» Extracted data entries:

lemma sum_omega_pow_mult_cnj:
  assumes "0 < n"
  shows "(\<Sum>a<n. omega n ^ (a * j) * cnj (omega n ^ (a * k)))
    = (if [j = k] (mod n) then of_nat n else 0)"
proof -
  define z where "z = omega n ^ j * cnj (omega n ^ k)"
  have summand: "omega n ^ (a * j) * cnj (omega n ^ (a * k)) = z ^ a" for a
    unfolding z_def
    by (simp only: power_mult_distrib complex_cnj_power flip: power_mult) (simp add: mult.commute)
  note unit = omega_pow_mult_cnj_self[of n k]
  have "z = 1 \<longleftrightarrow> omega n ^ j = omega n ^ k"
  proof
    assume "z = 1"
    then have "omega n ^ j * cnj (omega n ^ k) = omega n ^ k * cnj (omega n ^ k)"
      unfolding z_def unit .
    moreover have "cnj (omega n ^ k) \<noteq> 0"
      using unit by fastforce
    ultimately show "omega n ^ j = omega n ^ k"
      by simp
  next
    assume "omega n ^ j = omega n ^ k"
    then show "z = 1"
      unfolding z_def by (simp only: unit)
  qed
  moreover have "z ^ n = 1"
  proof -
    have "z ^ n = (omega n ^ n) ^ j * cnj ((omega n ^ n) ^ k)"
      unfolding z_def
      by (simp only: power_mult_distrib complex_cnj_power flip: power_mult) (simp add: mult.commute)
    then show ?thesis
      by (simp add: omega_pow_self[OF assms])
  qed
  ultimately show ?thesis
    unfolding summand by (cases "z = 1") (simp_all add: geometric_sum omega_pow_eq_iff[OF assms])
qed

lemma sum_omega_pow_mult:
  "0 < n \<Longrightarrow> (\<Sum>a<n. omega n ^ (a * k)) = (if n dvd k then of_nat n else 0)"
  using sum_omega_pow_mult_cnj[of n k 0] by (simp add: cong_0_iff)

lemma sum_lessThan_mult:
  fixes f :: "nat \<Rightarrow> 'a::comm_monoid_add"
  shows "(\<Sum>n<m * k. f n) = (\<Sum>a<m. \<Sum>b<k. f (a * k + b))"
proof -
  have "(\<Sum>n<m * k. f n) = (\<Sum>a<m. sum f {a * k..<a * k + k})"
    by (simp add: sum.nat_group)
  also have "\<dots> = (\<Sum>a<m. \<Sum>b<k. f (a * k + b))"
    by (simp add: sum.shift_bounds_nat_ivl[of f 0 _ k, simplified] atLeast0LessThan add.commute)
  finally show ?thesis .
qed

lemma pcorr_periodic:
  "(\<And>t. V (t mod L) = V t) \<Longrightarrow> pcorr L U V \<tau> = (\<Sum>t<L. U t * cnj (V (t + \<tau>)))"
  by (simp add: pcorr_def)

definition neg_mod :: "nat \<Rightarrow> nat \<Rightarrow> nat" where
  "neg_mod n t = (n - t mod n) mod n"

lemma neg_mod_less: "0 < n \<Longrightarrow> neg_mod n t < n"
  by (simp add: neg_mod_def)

» EXERCISE DIRECTIONS: Please retype all of the data above exactly as it appears.

» OUTPUT BELOW:
lemma sum_omega_pow_mult_cnj:
  assumes "0 < n"
  shows "(\<Sum>a<n. omega n ^ (a * j) * cnj (omega n ^ (a * k)))
    = (if [j = k] (mod n) then of_nat n else 0)"
proof -
  define z where "z = omega n ^ j * cnj (omega n ^ k)"
  have summand: "omega n ^ (a * j) * cnj (omega n ^ (a * k)) = z ^ a" for a
    unfolding z_def
    by (simp only: power_mult_distrib complex_cnj_power flip: power_mult) (simp add: mult.commute)
  note unit = omega_pow_mult_cnj_self[of n k]
  have "z = 1 \<longleftrightarrow> omega n ^ j = omega n ^ k"
  proof
    assume "z = 1"
    then have "omega n ^ j * cnj (omega n ^ k) = omega n ^ k * cnj (omega n ^ k)"
      unfolding z_def unit .
    moreover have "cnj (omega n ^ k) \<noteq> 0"
      using unit by fastforce
    ultimately show "omega n ^ j = omega n ^ k"
      by simp
  next
    assume "omega n ^ j = omega n ^ k"
    then show "z = 1"
      unfolding z_def by (simp only: unit)
  qed
  moreover have "z ^ n = 1"
  proof -
    have "z ^ n = (omega n ^ n) ^ j * cnj ((omega n ^ n) ^ k)"
      unfolding z_def
      by (simp only: power_mult_distrib complex_cnj_power flip: power_mult) (simp add: mult.commute)
    then show ?thesis
      by (simp add: omega_pow_self[OF assms])
  qed
  ultimately show ?thesis
    unfolding summand by (cases "z = 1") (simp_all add: geometric_sum omega_pow_eq_iff[OF assms])
qed

lemma sum_omega_pow_mult:
  "0 < n \<Longrightarrow> (\<Sum>a<n. omega n ^ (a * k)) = (if n dvd k then of_nat n else 0)"
  using sum_omega_pow_mult_cnj[of n k 0] by (simp add: cong_0_iff)

lemma sum_lessThan_mult:
  fixes f :: "nat \<Rightarrow> 'a::comm_monoid_add"
  shows "(\<Sum>n<m * k. f n) = (\<Sum>a<m. \<Sum>b<k. f (a * k + b))"
proof -
  have "(\<Sum>n<m * k. f n) = (\<Sum>a<m. sum f {a * k..<a * k + k})"
    by (simp add: sum.nat_group)
  also have "\<dots> = (\<Sum>a<m. \<Sum>b<k. f (a * k + b))"
    by (simp add: sum.shift_bounds_nat_ivl[of f 0 _ k, simplified] atLeast0LessThan add.commute)
  finally show ?thesis .
qed

lemma pcorr_periodic:
  "(\<And>t. V (t mod L) = V t) \<Longrightarrow> pcorr L U V \<tau> = (\<Sum>t<L. U t * cnj (V (t + \<tau>)))"
  by (simp add: pcorr_def)

definition neg_mod :: "nat \<Rightarrow> nat \<Rightarrow> nat" where
  "neg_mod n t = (n - t mod n) mod n"

lemma neg_mod_less: "0 < n \<Longrightarrow> neg_mod n t < n"
  by (simp add: neg_mod_def)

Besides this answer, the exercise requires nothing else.